[Information — start]
(* Let $\Pi$ be a $3$-decomposable $30$-half-period with classes $A,B,C$. Then $N_k^{bi}(\Pi)=30$ for $k=11,12,13,14$.
   Context: An allowable sequence on an $n$-element set is a doubly infinite sequence of permutations of the set (lists on positions $1,\dots,n$) in which consecutive permutations differ by swapping two adjacent elements (a transposition) and $\pi_{i+\binom n2}$ is the reverse of $\pi_i$; an $n$-half-period is a block $(\pi_0,\dots,\pi_{\binom n2})$ of consecutive permutations (each pair of elements is swapped exactly once in it). A transposition swapping the elements in positions $i,i+1$ is an $i$-transposition; for $1\le k\le n/2$ it is $k$-critical if it is a $k$-transposition or an $(n-k)$-transposition. An $n$-half-period $\Pi$ ($3\mid n$) is $3$-decomposable if its elements can be labeled $A=\{a_1,\dots,a_{n/3}\}$, $B=\{b_1,\dots,b_{n/3}\}$, $C=\{c_1,\dots,c_{n/3}\}$ so that its first permutation is $(a_{n/3},\dots,a_1,b_1,\dots,b_{n/3},c_1,\dots,c_{n/3})$, every transposition between an element of $A$ and an element of $B$ occurs before every transposition between an element of $C$ and an element of $A\cup B$, and every transposition between $A$ and $C$ occurs before every transposition between $B$ and $C$. A transposition is bichromatic if its two elements lie in different classes among $A,B,C$. $N_k^{bi}(\Pi)$ is the number of bichromatic $k$-critical transpositions of $\Pi$. *)

theory Defs
  imports Main
begin
(* Consider the Decaying-$\epsilon$-FOCuS procedure (described in the context) on $M>1$ streams with detection threshold $\lambda>0$, where stream 1 has a change-point at $\nu=0$ (so every observation of stream 1 is $\mathcal{N}(\mu_1,1)$ with $\mu_1\ne0$, and all other observations are $\mathcal{N}(0,1)$). Let $t_0$ be the smallest time step such that for all $t>t_0$, $T_t^{(1)}>\max_{m\in[M]\setminus\{1\}}T_t^{(m)}$. Then $t_0$ is $\mathbb{P}_{M,0}$-almost surely finite.
   Context: Setting: there are $M$ independent data streams. At each time $t=1,2,\dots$ an agent selects one stream $A_t\in\{1,\dots,M\}$ and observes one value $X_t\in\mathbb{R}$ from it. The $i$-th observation taken from stream $m$ is denoted $X_i^{(m)}$. Pre-change observations are $\mathcal{N}(0,1)$. Stream 1 has a change-point $\nu$: if $A_t=1$ and $t>\nu$ then $X_t\sim\mathcal{N}(\mu_1,1)$ with $\mu_1\neq0$; otherwise $X_t\sim\mathcal{N}(0,1)$; observations are conditionally independent given the selections. $\mathbb{P}_{M,\nu}$ denotes probability for $M$ streams with change at $\nu$ in stream 1. $\mathcal{F}_t=\sigma(A_1,X_1,\dots,A_t,X_t)$. The sampling process and statistics are defined for all $t\ge 0$ (the sampling rule does not depend on the threshold). Decaying-$\epsilon$-FOCuS: let $N_t^{(m)}$ be the number of times stream $m$ was selected up to and including time $t$. The local GLR statistic is $T_t^{(m)}=\max_{0\le k<N_t^{(m)}}\frac{(\sum_{i=k+1}^{N_t^{(m)}}X_i^{(m)})^2}{2(N_t^{(m)}-k)}$ (and $T_t^{(m)}=0$ if $N_t^{(m)}=0$); $T_t=\max_m T_t^{(m)}$ and $M_t=\arg\max_m T_t^{(m)}$. The local change-point estimate $\hat\nu_t^{(m)}$ is the time at which stream $m$'s $\hat k$-th observation was taken, where $\hat k$ is the maximizing index $k$ in $T_t^{(m)}$ (time $0$ if $\hat k=0$ or $N_t^{(m)}=0$); the global estimate is $\hat\nu_t=\hat\nu_t^{(M_t)}$; ties are broken uniformly at random. Initially $\hat\nu_0=0$, $M_0$ uniform on $[M]$. At time $t$, set $\epsilon_t=\min\{1, M/\max(1,t-\hat\nu_{t-1})^{1/3}\}$, draw $G_t\sim\mathrm{Bernoulli}(\epsilon_t)$ (conditionally on $\mathcal{F}_{t-1}$); if $G_t=1$ choose $A_t$ uniformly from $[M]$, otherwise $A_t=M_{t-1}$; then observe $X_t$ and update the statistics. The procedure stops at $\tau=\inf\{t\ge 1: T_t\ge\lambda\}$. *)

theory Defs
  imports "HOL-Probability.Probability"
begin

text \<open>History of a stream: list of (time of observation, observed value), in order.
  The i-th observation X_i (1-based) of the stream is xs ! (i - 1).\<close>

type_synonym hist = "(nat \<times> real) list"

definition glr_term :: "hist \<Rightarrow> nat \<Rightarrow> real" where
  "glr_term xs k = (\<Sum>i\<in>{k..<length xs}. snd (xs ! i))\<^sup>2 / (2 * real (length xs - k))"

definition Tstat :: "hist \<Rightarrow> real" where
  "Tstat xs = (if xs = [] then 0 else Max (glr_term xs ` {..<length xs}))"

text \<open>Uniform choice from a finite nonempty set S using a Uniform[0,1] variable v.\<close>
definition pick :: "nat set \<Rightarrow> real \<Rightarrow> nat" where
  "pick S v = sorted_list_of_set S ! nat (min \<lfloor>v * real (card S)\<rfloor> (int (card S) - 1))"

text \<open>Local change-point estimate: time of the k-hat-th observation (0 if k-hat = 0 or no data);
  ties among maximising k broken uniformly at random via v.\<close>
definition nuhat_of :: "hist \<Rightarrow> real \<Rightarrow> nat" where
  "nuhat_of xs v = (if xs = [] then 0 else
     (let k = pick {k. k < length xs \<and> glr_term xs k = Tstat xs} v
      in if k = 0 then 0 else fst (xs ! (k - 1))))"

text \<open>State at time t: (histories of all streams, M_t, nuhat_t).
  y m i : the (i+1)-th observation of stream m (stack-of-rewards model).
  u 0 t : uniform for G_t; u 1 t : uniform for the exploration choice of A_t;
  u 2 t : uniform for tie-breaking in M_t (u 2 0 gives uniform M_0);
  u 3 t : uniform for tie-breaking in khat.\<close>
fun focus_state :: "nat \<Rightarrow> (nat \<Rightarrow> nat \<Rightarrow> real) \<Rightarrow> (nat \<Rightarrow> nat \<Rightarrow> real) \<Rightarrow> nat
    \<Rightarrow> (nat \<Rightarrow> hist) \<times> nat \<times> nat" where
  "focus_state M y u 0 = ((\<lambda>_. []), pick {1..M} (u 2 0), 0)"
| "focus_state M y u (Suc t) =
    (let (h, mp, nh) = focus_state M y u t;
         n = Suc t;
         eps = min 1 (real M / (max 1 (real n - real nh)) powr (1/3));
         a = (if u 0 n < eps then pick {1..M} (u 1 n) else mp);
         x = y a (length (h a));
         h' = h(a := h a @ [(n, x)]);
         Tmax = Max ((\<lambda>m. Tstat (h' m)) ` {1..M});
         m' = pick {m \<in> {1..M}. Tstat (h' m) = Tmax} (u 2 n);
         nh' = nuhat_of (h' m') (u 3 n)
     in (h', m', nh'))"

definition T_loc :: "nat \<Rightarrow> (nat \<Rightarrow> nat \<Rightarrow> real) \<Rightarrow> (nat \<Rightarrow> nat \<Rightarrow> real) \<Rightarrow> nat \<Rightarrow> nat \<Rightarrow> real" where
  "T_loc M y u t m = Tstat (fst (focus_state M y u t) m)"

end

theory Submission
  imports Defs "HOL-Real_Asymp.Real_Asymp"
begin

text \<open>Forced exploration picks stream 1 at time \<open>n\<close> with probability at least
  \<open>n\<^sup>-\<^sup>1\<^sup>/\<^sup>3 / M\<close>, independently over time, so by Hoeffding's inequality and
  Borel-Cantelli stream 1 has more than \<open>t\<^sup>2\<^sup>/\<^sup>3 / (2M)\<close> observations at every large time \<open>t\<close>.
  Since \<open>\<mu>\<^sub>1 \<noteq> 0\<close>, a fourth-moment bound and Borel-Cantelli give eventually
  \<open>|S\<^sub>N - N\<mu>\<^sub>1| < |\<mu>\<^sub>1| N / 2\<close> for its partial sums, so its statistic is at least
  \<open>\<mu>\<^sub>1\<^sup>2 N / 8\<close>, of order \<open>t\<^sup>2\<^sup>/\<^sup>3\<close>. For a null stream, a twelfth-moment bound and a union
  bound over windows show that eventually every window statistic after \<open>n\<close> observations is at
  most \<open>\<surd>n\<close>; hence its statistic is \<open>O(\<surd>t)\<close> however it is sampled, and stream 1
  eventually dominates.\<close>

section \<open>The sampling process\<close>

abbreviation focus_hist ::
    "nat \<Rightarrow> (nat \<Rightarrow> nat \<Rightarrow> real) \<Rightarrow> (nat \<Rightarrow> nat \<Rightarrow> real) \<Rightarrow> nat \<Rightarrow> nat \<Rightarrow> hist"
  where "focus_hist M y u t \<equiv> fst (focus_state M y u t)"

definition sampled_stream :: "nat \<Rightarrow> (nat \<Rightarrow> nat \<Rightarrow> real) \<Rightarrow> nat \<Rightarrow> nat \<Rightarrow> nat \<Rightarrow> nat" where
  "sampled_stream M u n leader nuhat =
     (if u 0 n < min 1 (real M / max 1 (real n - real nuhat) powr (1/3)) then pick {1..M} (u 1 n) else leader)"

lemma focus_hist_Suc:
  assumes "focus_state M y u t = (h, leader, nuhat)"
  shows "focus_hist M y u (Suc t) =
    (let a = sampled_stream M u (Suc t) leader nuhat in h(a := h a @ [(Suc t, y a (length (h a)))]))"
  using assms by (simp add: Let_def sampled_stream_def)

lemma map_snd_focus_hist: "map snd (focus_hist M y u t m) = map (y m) [0..<length (focus_hist M y u t m)]"
proof (induction t)
  case (Suc t)
  obtain h leader nuhat where st: "focus_state M y u t = (h, leader, nuhat)"
    by (cases "focus_state M y u t") auto
  with Suc.IH show ?case unfolding focus_hist_Suc[OF st] Let_def by auto
qed simp

lemma length_focus_hist_le: "length (focus_hist M y u t m) \<le> t"
proof (induction t)
  case (Suc t)
  obtain h leader nuhat where st: "focus_state M y u t = (h, leader, nuhat)"
    by (cases "focus_state M y u t") auto
  with Suc.IH show ?case unfolding focus_hist_Suc[OF st] Let_def by auto
qed simp

lemma pick_atLeastAtMost_eq_1:
  assumes "M \<ge> 1" "v < 1 / real M"
  shows "pick {1..M} v = 1"
proof -
  have "v * real M < 1" using assms by (simp add: field_simps)
  then have "\<lfloor>v * real M\<rfloor> \<le> 0" by linarith
  then have "nat (min \<lfloor>v * real (card {1..M})\<rfloor> (int (card {1..M}) - 1)) = 0"
    by (simp add: min.coboundedI1)
  moreover have "sorted_list_of_set {1..M} = [1..<Suc M]"
    by (simp flip: atLeastLessThanSuc_atLeastAtMost)
  then have "sorted_list_of_set {1..M} ! 0 = 1" using assms by (simp del: upt_Suc)
  ultimately show ?thesis unfolding pick_def by simp
qed

lemma exploration_rate_ge:
  assumes "M \<ge> 1" "n \<ge> 1"
  shows "real n powr (-1/3) \<le> min 1 (real M / max 1 (real n - real nuhat) powr (1/3))"
proof -
  have "max 1 (real n - real nuhat) powr (1/3) \<le> real n powr (1/3)"
    using assms by (intro powr_mono2) auto
  then have "1 / real n powr (1/3) \<le> real M / max 1 (real n - real nuhat) powr (1/3)"
    using assms by (intro frac_le) auto
  moreover have "real n powr (-1/3) \<le> 1"
    using assms by (simp add: powr_le_one_le ge_one_powr_ge_zero powr_minus_divide)
  ultimately show ?thesis by (simp add: powr_minus_divide)
qed

text \<open>A condition for sampling stream 1 at time \<open>n\<close> that does not depend on the state:
  the exploration probability is at least \<open>n\<^sup>-\<^sup>1\<^sup>/\<^sup>3\<close> whatever the change-point estimate is.\<close>
definition explores_stream1 :: "nat \<Rightarrow> (nat \<Rightarrow> nat \<Rightarrow> real) \<Rightarrow> nat \<Rightarrow> bool" where
  "explores_stream1 M u n \<longleftrightarrow> u 0 n < real n powr (-1/3) \<and> u 1 n < 1 / real M"

lemma sampled_stream_eq_1:
  assumes "explores_stream1 M u n" "M \<ge> 1" "n \<ge> 1"
  shows "sampled_stream M u n leader nuhat = 1"
  using assms exploration_rate_ge[OF assms(2,3), of nuhat] pick_atLeastAtMost_eq_1[OF assms(2)]
  by (auto simp: sampled_stream_def explores_stream1_def)

lemma card_explores_stream1_le:
  assumes "M \<ge> 1"
  shows "card {n\<in>{1..t}. explores_stream1 M u n} \<le> length (focus_hist M y u t 1)"
proof (induction t)
  case (Suc t)
  obtain h leader nuhat where st: "focus_state M y u t = (h, leader, nuhat)"
    by (cases "focus_state M y u t") auto
  have IH: "card {n\<in>{1..t}. explores_stream1 M u n} \<le> length (h 1)" using Suc.IH st by simp
  have len: "length (h 1) \<le> length (focus_hist M y u (Suc t) 1)"
    unfolding focus_hist_Suc[OF st] Let_def by simp
  show ?case
  proof (cases "explores_stream1 M u (Suc t)")
    case True
    then have "{n\<in>{1..Suc t}. explores_stream1 M u n} = insert (Suc t) {n\<in>{1..t}. explores_stream1 M u n}"
      by (auto simp: le_Suc_eq)
    moreover have "length (focus_hist M y u (Suc t) 1) = Suc (length (h 1))"
      using sampled_stream_eq_1[OF True assms] unfolding focus_hist_Suc[OF st] Let_def by simp
    ultimately show ?thesis using IH by simp
  next
    case False
    then have "{n\<in>{1..Suc t}. explores_stream1 M u n} = {n\<in>{1..t}. explores_stream1 M u n}"
      by (auto simp: le_Suc_eq)
    then show ?thesis using IH len by simp
  qed
qed simp

section \<open>Window statistics\<close>

definition window_glr :: "(nat \<Rightarrow> real) \<Rightarrow> nat \<Rightarrow> nat \<Rightarrow> real" where
  "window_glr f k n = (\<Sum>i\<in>{k..<n}. f i)\<^sup>2 / (2 * real (n - k))"

lemma glr_term_focus_hist:
  "glr_term (focus_hist M y u t m) k = window_glr (y m) k (length (focus_hist M y u t m))"
proof -
  have "snd (focus_hist M y u t m ! i) = y m i" if i: "i < length (focus_hist M y u t m)" for i
  proof -
    have "snd (focus_hist M y u t m ! i) = map snd (focus_hist M y u t m) ! i" using i by simp
    also have "\<dots> = y m i" using i by (simp only: map_snd_focus_hist) simp
    finally show ?thesis .
  qed
  then show ?thesis
    unfolding glr_term_def window_glr_def by (intro arg_cong2[where f="\<lambda>a b. a\<^sup>2 / b"] sum.cong) auto
qed

lemma T_loc_le:
  assumes "0 \<le> B"
    and "\<And>k. k < length (focus_hist M y u t m) \<Longrightarrow> window_glr (y m) k (length (focus_hist M y u t m)) \<le> B"
  shows "T_loc M y u t m \<le> B"
  using assms unfolding T_loc_def Tstat_def by (auto simp: glr_term_focus_hist intro!: Max.boundedI)

lemma window_glr_0_le_T_loc:
  assumes "length (focus_hist M y u t m) > 0"
  shows "window_glr (y m) 0 (length (focus_hist M y u t m)) \<le> T_loc M y u t m"
  using assms unfolding T_loc_def Tstat_def by (auto simp: glr_term_focus_hist[symmetric] intro!: Max_ge)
[Information — finish]
Task item → The line above containing "text \<open>Uniform choice", the line containing "xs v = (if xs", and every line between them are to be transcribed exactly; no other line is wanted.

Task result →
text \<open>Uniform choice from a finite nonempty set S using a Uniform[0,1] variable v.\<close>
definition pick :: "nat set \<Rightarrow> real \<Rightarrow> nat" where
  "pick S v = sorted_list_of_set S ! nat (min \<lfloor>v * real (card S)\<rfloor> (int (card S) - 1))"

text \<open>Local change-point estimate: time of the k-hat-th observation (0 if k-hat = 0 or no data);
  ties among maximising k broken uniformly at random via v.\<close>
definition nuhat_of :: "hist \<Rightarrow> real \<Rightarrow> nat" where
  "nuhat_of xs v = (if xs = [] then 0 else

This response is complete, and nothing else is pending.